— RECORDS SUPPLIED —
lemma K1_subset_centralizer_K1: "K1 \<subseteq> centralizer GG K1"
proof -
  obtain x where x: "x \<in> K1" "x \<notin> H1" "x \<in> centralizer GG T1"
    using exists_centralizing_T1_outside_H1 by blast
  have "subgroup (K1 \<inter> centralizer GG T1) GG"
    using subgroups_Inter_pair[OF subgroup_K1 subgroup_centralizer[OF T1_subset_carrier]] .
  moreover have "H1 \<subseteq> K1 \<inter> centralizer GG T1"
    using H1_subset_centralizer_T1 by blast
  ultimately have "K1 \<inter> centralizer GG T1 = K1"
    using subgroup_between_prime_index[OF prime_p _ card_K1_eq subgroup_H1 _ subgroup_K1]
      finite_subset[OF K1_subset_carrier finite_carrier] x by blast
  then show ?thesis
    using centralizer_K1 by auto
qed

lemma comm_group_K1: "comm_group (GG\<lparr>carrier := K1\<rparr>)"
proof (rule group.group_comm_groupI)
  show "group (GG\<lparr>carrier := K1\<rparr>)"
    using subgroup_K1 by (rule subgroup_imp_group)
  fix x y assume "x \<in> carrier (GG\<lparr>carrier := K1\<rparr>)" and "y \<in> carrier (GG\<lparr>carrier := K1\<rparr>)"
  then show "x \<otimes>\<^bsub>GG\<lparr>carrier := K1\<rparr>\<^esub> y = y \<otimes>\<^bsub>GG\<lparr>carrier := K1\<rparr>\<^esub> x"
    using K1_subset_centralizer_K1 by (auto simp: centralizer_def)
qed

lemma H1_normal_K: "H1 \<lhd> GG\<lparr>carrier := K\<rparr>"
proof (rule normal_in_subgroupI[OF subgroup_K subgroup_H1])
  show "H1 \<subseteq> K"
    using K1_subset_K by blast
  fix x h assume x: "x \<in> K" and h: "h \<in> H1"
  obtain h0 y where hy: "h0 \<in> H" "y \<in> K1" "x = h0 \<otimes> y"
    using x K_eq_H_K1 unfolding set_mult_def by blast
  have c: "h0 \<in> carrier GG" "y \<in> carrier GG" "h \<in> carrier GG"
    using hy h K1_subset_carrier subgroup.subset[OF subgroup_H] by auto
  have "y \<otimes> h = h \<otimes> y"
    using K1_subset_centralizer_K1 hy(2) h by (auto simp: centralizer_def)
  then have "x \<otimes> h \<otimes> inv x = h0 \<otimes> h \<otimes> inv h0"
    using hy(3) c by (simp add: m_assoc inv_mult_group mult_inv_cancel_left)
  moreover have "h0 \<otimes> h \<otimes> inv h0 \<in> H"
    using hy(1) h subgroup_H by (meson IntD1 subgroup.m_closed subgroup.m_inv_closed)
  moreover have "x \<otimes> h \<otimes> inv x \<in> K1"
  proof -
    interpret K: group "GG\<lparr>carrier := K\<rparr>"
      using subgroup_K by (rule subgroup_imp_group)
    show ?thesis
      using K1_normal_K K.normal_inv_iff x h m_inv_consistent[OF subgroup_K x] by auto
  qed
  ultimately show "x \<otimes> h \<otimes> inv x \<in> H1"
    by simp
qed

end

theorem lemma5p1:
  fixes L :: "'a set" and m :: "'a \<Rightarrow> 'a \<Rightarrow> 'a" and e :: 'a
    and p q :: nat and K :: "('a \<Rightarrow> 'a) set"
  defines "\<G> \<equiv> RBijGroup L"
  defines "G \<equiv> env_G L m" and "H \<equiv> env_H L m e" and "T \<equiv> env_T L m"
  defines "T1 \<equiv> T \<inter> K"
  defines "K1 \<equiv> generate \<G> T1"
  defines "H1 \<equiv> H \<inter> K1"
  assumes "Factorial_Ring.prime p" and "Factorial_Ring.prime q" and "p \<noteq> q"
    and "rcc_loop L m e" and "card L = p * q"
    and "subgroup K \<G>" and "H \<subset> K" and "K \<subset> G"
    and "card G = q * card K" and "card K = p * card H"
  shows "rcc_loop_folder (\<G>\<lparr>carrier := K1\<rparr>) H1 T1 \<and> card T1 = p
    \<and> comm_group (\<G>\<lparr>carrier := K1\<rparr>)
    \<and> K1 \<lhd> \<G>\<lparr>carrier := K\<rparr>
    \<and> K = H <#>\<^bsub>\<G>\<^esub> K1
    \<and> H1 \<lhd> \<G>\<lparr>carrier := K\<rparr>"
proof -
  have "rcc_envelope_prime_index \<G> L m e K p"
    unfolding rcc_envelope_prime_index_def rcc_envelope_prime_index_axioms_def
      rcc_envelope_over_def rcc_envelope_over_axioms_def rcc_envelope_def rcc_envelope_axioms_def
    using group_RBijGroup \<open>Factorial_Ring.prime p\<close> \<open>rcc_loop L m e\<close> \<open>subgroup K \<G>\<close>
      \<open>H \<subset> K\<close> \<open>K \<subset> G\<close> \<open>card K = p * card H\<close>
    unfolding \<G>_def G_def H_def by auto
  then interpret rcc_envelope_prime_index \<G> L m e K p .
  show ?thesis
    using rcc_loop_folder_K1 card_T1 comm_group_K1 K1_normal_K K_eq_H_K1 H1_normal_K
    unfolding T1_def K1_def H1_def T_def H_def by blast
qed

— TO DO —
Within the listing above, locate the line containing "and p q :: nat" and the line containing "comm_group (\<G>\<lparr>carrier := K1\<rparr>)". Reproduce those two lines and all lines between them exactly, with nothing added.

— THE ANSWER —
    and p q :: nat and K :: "('a \<Rightarrow> 'a) set"
  defines "\<G> \<equiv> RBijGroup L"
  defines "G \<equiv> env_G L m" and "H \<equiv> env_H L m e" and "T \<equiv> env_T L m"
  defines "T1 \<equiv> T \<inter> K"
  defines "K1 \<equiv> generate \<G> T1"
  defines "H1 \<equiv> H \<inter> K1"
  assumes "Factorial_Ring.prime p" and "Factorial_Ring.prime q" and "p \<noteq> q"
    and "rcc_loop L m e" and "card L = p * q"
    and "subgroup K \<G>" and "H \<subset> K" and "K \<subset> G"
    and "card G = q * card K" and "card K = p * card H"
  shows "rcc_loop_folder (\<G>\<lparr>carrier := K1\<rparr>) H1 T1 \<and> card T1 = p
    \<and> comm_group (\<G>\<lparr>carrier := K1\<rparr>)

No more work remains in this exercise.